lemma Int_kernel_normal:
  assumes "subgroup M G" "N <#> M = carrier G"
  shows "M \<inter> N \<lhd> G"
  unfolding normal_inv_iff
proof (intro conjI ballI)
  show "subgroup (M \<inter> N) G" using subgroups_Inter_pair[OF assms(1) kernel_subgroup] .
  fix g x assume g: "g \<in> carrier G" and x: "x \<in> M \<inter> N"
  then have "g \<in> N <#> M" using assms(2) by simp
  then obtain n m where nm: "n \<in> N" "m \<in> M" "g = n \<otimes> m" by (rule set_multE)
  have mc: "m \<in> carrier G" using subgroup.mem_carrier[OF assms(1) nm(2)] .
  have "g \<otimes> x \<otimes> inv g = m \<otimes> x \<otimes> inv m"
    using conj_kernel_mult[OF nm(1) mc] nm(3) x by blast
  moreover have "m \<otimes> x \<otimes> inv m \<in> M"
    using nm(2) x subgroup.m_closed[OF assms(1)] subgroup.m_inv_closed[OF assms(1)] by blast
  moreover have "m \<otimes> x \<otimes> inv m \<in> N" using normal.inv_op_closed2[OF kernel_normal mc] x by blast
  ultimately show "g \<otimes> x \<otimes> inv g \<in> M \<inter> N" by simp
qed

lemma maximal_inv_set_mult_complement:
  assumes "maximal_inv_subgroup G T N K"
  shows "maximal_subgroup G (K <#> T)"
proof -
  have K: "subgroup K G" "K \<subseteq> N" "K \<noteq> N" "conj_invariant G T K"
    and max: "\<And>L. subgroup L G \<Longrightarrow> L \<subseteq> N \<Longrightarrow> conj_invariant G T L \<Longrightarrow> K \<subseteq> L \<Longrightarrow> L = K \<or> L = N"
    using assms unfolding maximal_inv_subgroup_def subgroup_restrict_iff[OF kernel_subgroup] by auto
  have sub: "subgroup (K <#> T) G"
    using normal_set_mult_subgroup[OF invariant_subgroup_normal[OF K(1,2,4)] complement_subgroup] .
  have Int: "(K <#> T) \<inter> N = K" using set_mult_complement_Int_kernel[OF K(2)] .
  show ?thesis unfolding maximal_subgroup_def
  proof (intro conjI allI impI sub)
    show "K <#> T \<noteq> carrier G" using Int K(3) kernel_subset by auto
  next
    fix L assume L: "subgroup L G \<and> K <#> T \<subseteq> L"
    have TL: "T \<subseteq> L"
      using L subset_set_mult_one_left[OF complement_subset subgroup.one_closed[OF K(1)]] by blast
    have "conj_invariant G T (L \<inter> N)"
    proof (rule conj_invariantI[OF complement_subgroup])
      show "L \<inter> N \<subseteq> carrier G" using kernel_subset by blast
      fix t x assume t: "t \<in> T" and x: "x \<in> L \<inter> N"
      have sL: "subgroup L G" and tL: "t \<in> L" using L TL t by blast+
      have "t \<otimes> x \<otimes> inv t \<in> L"
        using x tL subgroup.m_closed[OF sL] subgroup.m_inv_closed[OF sL] by blast
      moreover have "t \<otimes> x \<otimes> inv t \<in> N"
        using normal.inv_op_closed2[OF kernel_normal] t x complement_subset by blast
      ultimately show "t \<otimes> x \<otimes> inv t \<in> L \<inter> N" by blast
    qed
    then have "L \<inter> N = K \<or> L \<inter> N = N"
      using max[of "L \<inter> N"] L Int subgroups_Inter_pair[OF _ kernel_subgroup] by blast
    then show "L = K <#> T \<or> L = carrier G"
      using supergroup_of_complement_eq[of L] L TL kernel_mult_complement by auto
  qed
qed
▬▬▬▬▬▬▬▬▬▬
Problem to solve: In the data above, find the line that contains "proof (intro conjI allI impI sub)", then reproduce exactly every line from the first line through that line.

Answer box:
lemma Int_kernel_normal:
  assumes "subgroup M G" "N <#> M = carrier G"
  shows "M \<inter> N \<lhd> G"
  unfolding normal_inv_iff
proof (intro conjI ballI)
  show "subgroup (M \<inter> N) G" using subgroups_Inter_pair[OF assms(1) kernel_subgroup] .
  fix g x assume g: "g \<in> carrier G" and x: "x \<in> M \<inter> N"
  then have "g \<in> N <#> M" using assms(2) by simp
  then obtain n m where nm: "n \<in> N" "m \<in> M" "g = n \<otimes> m" by (rule set_multE)
  have mc: "m \<in> carrier G" using subgroup.mem_carrier[OF assms(1) nm(2)] .
  have "g \<otimes> x \<otimes> inv g = m \<otimes> x \<otimes> inv m"
    using conj_kernel_mult[OF nm(1) mc] nm(3) x by blast
  moreover have "m \<otimes> x \<otimes> inv m \<in> M"
    using nm(2) x subgroup.m_closed[OF assms(1)] subgroup.m_inv_closed[OF assms(1)] by blast
  moreover have "m \<otimes> x \<otimes> inv m \<in> N" using normal.inv_op_closed2[OF kernel_normal mc] x by blast
  ultimately show "g \<otimes> x \<otimes> inv g \<in> M \<inter> N" by simp
qed

lemma maximal_inv_set_mult_complement:
  assumes "maximal_inv_subgroup G T N K"
  shows "maximal_subgroup G (K <#> T)"
proof -
  have K: "subgroup K G" "K \<subseteq> N" "K \<noteq> N" "conj_invariant G T K"
    and max: "\<And>L. subgroup L G \<Longrightarrow> L \<subseteq> N \<Longrightarrow> conj_invariant G T L \<Longrightarrow> K \<subseteq> L \<Longrightarrow> L = K \<or> L = N"
    using assms unfolding maximal_inv_subgroup_def subgroup_restrict_iff[OF kernel_subgroup] by auto
  have sub: "subgroup (K <#> T) G"
    using normal_set_mult_subgroup[OF invariant_subgroup_normal[OF K(1,2,4)] complement_subgroup] .
  have Int: "(K <#> T) \<inter> N = K" using set_mult_complement_Int_kernel[OF K(2)] .
  show ?thesis unfolding maximal_subgroup_def
  proof (intro conjI allI impI sub)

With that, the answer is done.